И показалось, что встреча ему неприятна. Она объяснила по-своему это и стала просить к ним вернуться:
– «Вы „богушку“ вовсе не знаете, Митенька: вспыльчивый он… Ну, ему показалось тогда, что вы… вы… – покраснела, – меня обижаете… Я уж ему объяснила все это.
Но Митя – заумничал: нет, нет, нет, нет!
– Понимаете сами… Бить…
– Митенька…
– Чорт, – я не кто-нибудь!… Я и отцу, – он схвастнул, – не позволю… Я… мы веденяпинцы…
Крепко обиделся.
И – обнаружилось, что он имеет какое-то что-то: «свое»; о Мандро ему некогда думать; теперь он уж – -сам; Веденяпина слушает он…
Перебила Лизаша его; стала спрашивать:
– Ну, а как с «этим»?
– О чем вы?
Она разумела – подлог.
Митя ей – с напускным равнодушием:
– Вздор: пустяки. И опять принялся:
– Веденяпинцы… Нас Веденяпин… У нас Веденяпин…

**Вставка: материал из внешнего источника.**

lemma interference_nonneg:
  assumes "power_density L A p"
  shows "0 \<le> interference L A h p"
  unfolding interference_def
proof (intro sum_nonneg)
  fix l assume l: "l \<in> {1..L}"
  have "m l * 0 \<le> (LINT z:A l|lebesgue. p z)"
    using assms l A_meas mass mass_nonneg unfolding power_density_def
    by (intro set_integral_ge_measure_mult) (auto intro: less_imp_le)
  thus "0 \<le> h l * (LINT z:A l|lebesgue. p z)"
    using h_pos[OF l] by simp
qed

lemma feasible_power_lower_bound:
  assumes p: "feasible_pd L A h gam sigma2 p" and l: "l \<in> {1..L}" and x: "x \<in> A l"
  shows "gam l * (interference L A h p + sigma2) / h l \<le> p x"
proof -
  have K: "0 < interference L A h p + sigma2"
    using interference_nonneg p sigma_pos unfolding feasible_pd_def by fastforce
  have "gam l \<le> h l * p x / (interference L A h p + sigma2)"
    using p l x unfolding feasible_pd_def sinr_def by blast
  hence "gam l * (interference L A h p + sigma2) \<le> h l * p x"
    using K by (simp add: pos_le_divide_eq)
  thus ?thesis
    using h_pos[OF l] by (simp add: pos_divide_le_eq mult.commute)
qed

lemma feasible_load_interference:
  assumes p: "feasible_pd L A h gam sigma2 p"
  shows "load * (interference L A h p + sigma2) \<le> interference L A h p"
proof -
  let ?K = "interference L A h p + sigma2"
  have "m l * gam l * ?K \<le> h l * (LINT z:A l|lebesgue. p z)" if l: "l \<in> {1..L}" for l
  proof -
    have "m l * (gam l * ?K / h l) \<le> (LINT z:A l|lebesgue. p z)"
      using p l A_meas mass mass_nonneg feasible_power_lower_bound[OF p l]
      unfolding feasible_pd_def power_density_def
      by (intro set_integral_ge_measure_mult) auto
    hence "m l * (gam l * ?K / h l) * h l \<le> (LINT z:A l|lebesgue. p z) * h l"
      using h_pos[OF l] by (intro mult_right_mono) auto
    moreover have "m l * gam l * ?K = m l * (gam l * ?K / h l) * h l"
      using h_pos[OF l] by simp
    ultimately show ?thesis
      by (simp add: mult.commute)
  qed
  hence "(\<Sum>l\<in>{1..L}. m l * gam l * ?K) \<le> interference L A h p"
    unfolding interference_def by (rule sum_mono)
  thus ?thesis
    unfolding load_def by (simp add: sum_distrib_right)
qed

lemma feasible_imp_load_less_one:
  assumes "feasible_pd L A h gam sigma2 p"
  shows "load < 1"
proof (rule ccontr)
  assume "\<not> load < 1"
  moreover have "0 < interference L A h p + sigma2"
    using interference_nonneg assms sigma_pos unfolding feasible_pd_def by fastforce
  ultimately have "interference L A h p + sigma2 \<le> load * (interference L A h p + sigma2)"
    by (simp add: mult_le_cancel_right1)
  thus False
    using feasible_load_interference[OF assms] sigma_pos by linarith
qed

lemma feasible_ge_target_power:
  assumes p: "feasible_pd L A h gam sigma2 p" and l: "l \<in> {1..L}" and x: "x \<in> A l"
  shows "target_power l \<le> p x"
proof -
  let ?I = "interference L A h p"
  have S: "load < 1"
    using feasible_imp_load_less_one[OF p] .
  have "load * sigma2 \<le> ?I * (1 - load)"
    using feasible_load_interference[OF p] by (simp add: algebra_simps)
  hence "sigma2 / (1 - load) \<le> ?I + sigma2"
    using S by (simp add: field_simps)
  hence "gam l * (sigma2 / (1 - load)) / h l \<le> gam l * (?I + sigma2) / h l"
    using gam_pos[OF l] h_pos[OF l] by (intro divide_right_mono mult_left_mono) auto
  moreover have "gam l * (sigma2 / (1 - load)) / h l = target_power l"
    unfolding target_power_def by (simp add: mult.commute)
  ultimately show ?thesis
    using feasible_power_lower_bound[OF p l x] by linarith
qed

Обсамкался видно: такой – самохвал, самоус, с «фу ты», с «ну ты», еще удивило, что Митя попутно ей бросил: с нарочным небреженьем:
– Отец-то ваш: был у нас.
Будто хотел показать ей: у нас такой дом, что не «эдакие» еще будут в нем.
– Был?
– У отца.
И опять за свое:
– Веденяпинцы мы… Веденяпин у нас…
В разговоре он взлизывал воздух.
Опять непонятности: был у Коробкиных? Как непонятно, и то, что вчера «он» кричал в телефонную трубку: «Короб-кин, Коробкин, Коробкин, Коробкин!» Да, мысли у «богушки» точно в коробке, – в коробкинском доме: что это?
Она посмотрела на Митю: он стал крепышом; он очистился даже лицом: прыщ сходил; да и взор в нем сыскался; – спешил:
– Вы побудьте со мною немного, Митюша.
– Нет, нет: мне – пора… Я ведь лынды оставил.
И вдруг с неожиданным пылом, которого не было в нем, он пальнул:
– Я хочу отличиться каким-нибудь доблестным подвигом.
Юрк – под воротами!…
***
Грустно стояла Лизаша: и – думала: Мити лишилась она; все ж, – они понимали друг друга: а вот с Переперзенко не представлялось возможности ей говорить: утверждал:
– Вы больны…
Ведь Лизаша жевала очищенный мел.
Только водопроводчик (полопались трубы в квартире) – сказал:
– Сицилисточка, милая барышня, вы.
И ей сунул брошюрку, в которой прочла она: жизнь ее
«здесь» – буржуазная; в «там» – жизнь грядущего строя; то – «царство свободы»; Лизашин прыжок из «отсюда в туда» был рассказан: прыжок – революция; странно: революционеркой себя ощутила в тот миг, как сейчас вот, когда показалось, что время, верблюд, став конем, будет рушить домовые комья: Москва – будет стаей развалин; когда это будет, когда?
Поскорей бы!
Перекривился в сознаньи ее социальный вопрос; все ж – он жил: очень остро; взволновывали отношенья с людьми; и особенно – с «богушкой», с ним говорила лишь раз о своем царстве в «т а м», куда время – бежало, куда убегала она, выбегая из времени; богушка – морщился; и в результате пришел доктор Дасс:
– Вы страдаете, барышня, – нервным расстройством.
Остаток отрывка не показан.